This initialization let me confused. Why I need weight.new two times for GPU & 2 times for CPU?

    def init_hidden(self, batch_size):
    ''' Initializes hidden state '''
    # Create two new tensors with sizes n_layers x batch_size x n_hidden,
    # initialized to zero, for hidden state and cell state of LSTM
    weight = next(self.parameters()).data
    
        if (train_on_gpu):
            hidden = (weight.new(self.n_layers, batch_size, self.n_hidden).zero_().cuda(),
              weight.new(self.n_layers, batch_size, self.n_hidden).zero_().cuda())
        else:
             hidden = (weight.new(self.n_layers, batch_size, self.n_hidden).zero_(),
                  weight.new(self.n_layers, batch_size, self.n_hidden).zero_())
    
    return hidden

@ptrblck
I hope you can help, Thanks.

The code snippet shows different initializations for CPU and CUDA tensors, not only for the GPU.
Alternatively to using this condition, you could also write device-agnostic code and call .to(device) on the newly created tensors.

Okay that is okay.

But why I need to create tuples with 2 elements?

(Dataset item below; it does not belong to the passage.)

(* Let $R$ be a ring and $(A_{i,r})$ a double complex of $R$-modules with all columns exact, and form its total complex with respect to $\Sigma=\prod$ (so $A_n=\prod_i A_{i,n-i}$). Then for each $n$ there is a short exact sequence $$0\to\operatorname{PB}(H^{\mathrm{tot}}(A_n))\to H^{\mathrm{tot}}(A_n)\to\varprojlim_{i\to\infty}(A_{i,n-i})_\square\to 0,$$ where the inverse limit is over the system with maps $(A_{i+1,n-i-1})_\square\to(A_{i,n-i})_\square$ given by $\bar\delta_1^{-1}\circ\bar\delta_2$, with $\bar\delta_2:(A_{i+1,n-i-1})_\square\to{}^\square A_{i+1,n-i}$ the extramural map of the horizontal arrow $A_{i+1,n-i-1}\to A_{i+1,n-i}$ and $\bar\delta_1:(A_{i,n-i})_\square\to{}^\square A_{i+1,n-i}$ the extramural map of the vertical arrow $A_{i,n-i}\to A_{i+1,n-i}$ (an isomorphism). This inverse limit is also isomorphic to the inverse limit of the corresponding system of receptors ${}^\square A_{i,n-i+1}$, and to $\ker(\bar\delta:A_{n\square}\to{}^\square A_{n+1})$; and $\operatorname{PB}(H^{\mathrm{tot}}(A_n))$ equals the image of the intramural map ${}^\square A_n\to H^{\mathrm{tot}}(A_n)$, isomorphic to $\operatorname{coker}(\bar\delta:A_{n-1\,\square}\to{}^\square A_n)$.
   Context: A double complex of $R$-modules is a family $A_{i,r}$ $(i,r\in\mathbb{Z})$ ($i$ = row index increasing downward, $r$ = column index increasing rightward) with vertical maps $\delta_1:A_{i,r}\to A_{i+1,r}$ and horizontal maps $\delta_2:A_{i,r}\to A_{i,r+1}$, $\delta_1\delta_1=0$, $\delta_2\delta_2=0$, $\delta_1\delta_2=\delta_2\delta_1$. For an object $A$, with $d,e$ the horizontal maps into/out of $A$, $c,f$ the vertical maps into/out of $A$, $p$ the composite of two arrows ending at $A$, $q$ the composite of two arrows starting at $A$: receptor ${}^\square A=(\ker e\cap\ker f)/\operatorname{im}p$, donor $A_\square=\ker q/(\operatorname{im}c+\operatorname{im}d)$; an arrow $A\to B$ induces the "extramural" map $A_\square\to{}^\square B$. Total complex: $A_n=\prod_i A_{i,n-i}$, $\delta=\delta_2+(-1)^n\delta_1:A_n\to A_{n+1}$ (computed componentwise), $H^{\mathrm{tot}}(A_n)=\ker\delta/\operatorname{im}\delta$. $A_{n\square}=\prod_i(A_{i,n-i})_\square$, ${}^\square A_n=\prod_i{}^\square A_{i,n-i}$; $\bar\delta_1,\bar\delta_2:A_{n\square}\to{}^\square A_{n+1}$ are the products of the extramural maps of vertical, respectively horizontal, arrows; $\bar\delta=\bar\delta_2+(-1)^n\bar\delta_1$; the intramural map ${}^\square A_n\to H^{\mathrm{tot}}(A_n)$ is induced by the identity of $A_n$. An element $x\in H^{\mathrm{tot}}(A_n)$ is a "peekaboo element" if for every finite set $I\subseteq\mathbb{Z}$, $x$ is represented by a cycle $(x_i)\in A_n$ with $x_i=0$ for all $i\in I$; these form a submodule $\operatorname{PB}(H^{\mathrm{tot}}(A_n))$. *)

theory Defs
  imports Main
begin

hidden = (weight.new(self.n_layers, batch_size, self.n_hidden).zero_().cuda(),
              weight.new(self.n_layers, batch_size, self.n_hidden).zero_().cuda())

You are creating one tuple containing two tensors and are most likely passing them to the nn.LSTM module as h0 and c0 (hidden and cell state) as described in the docs

1 Like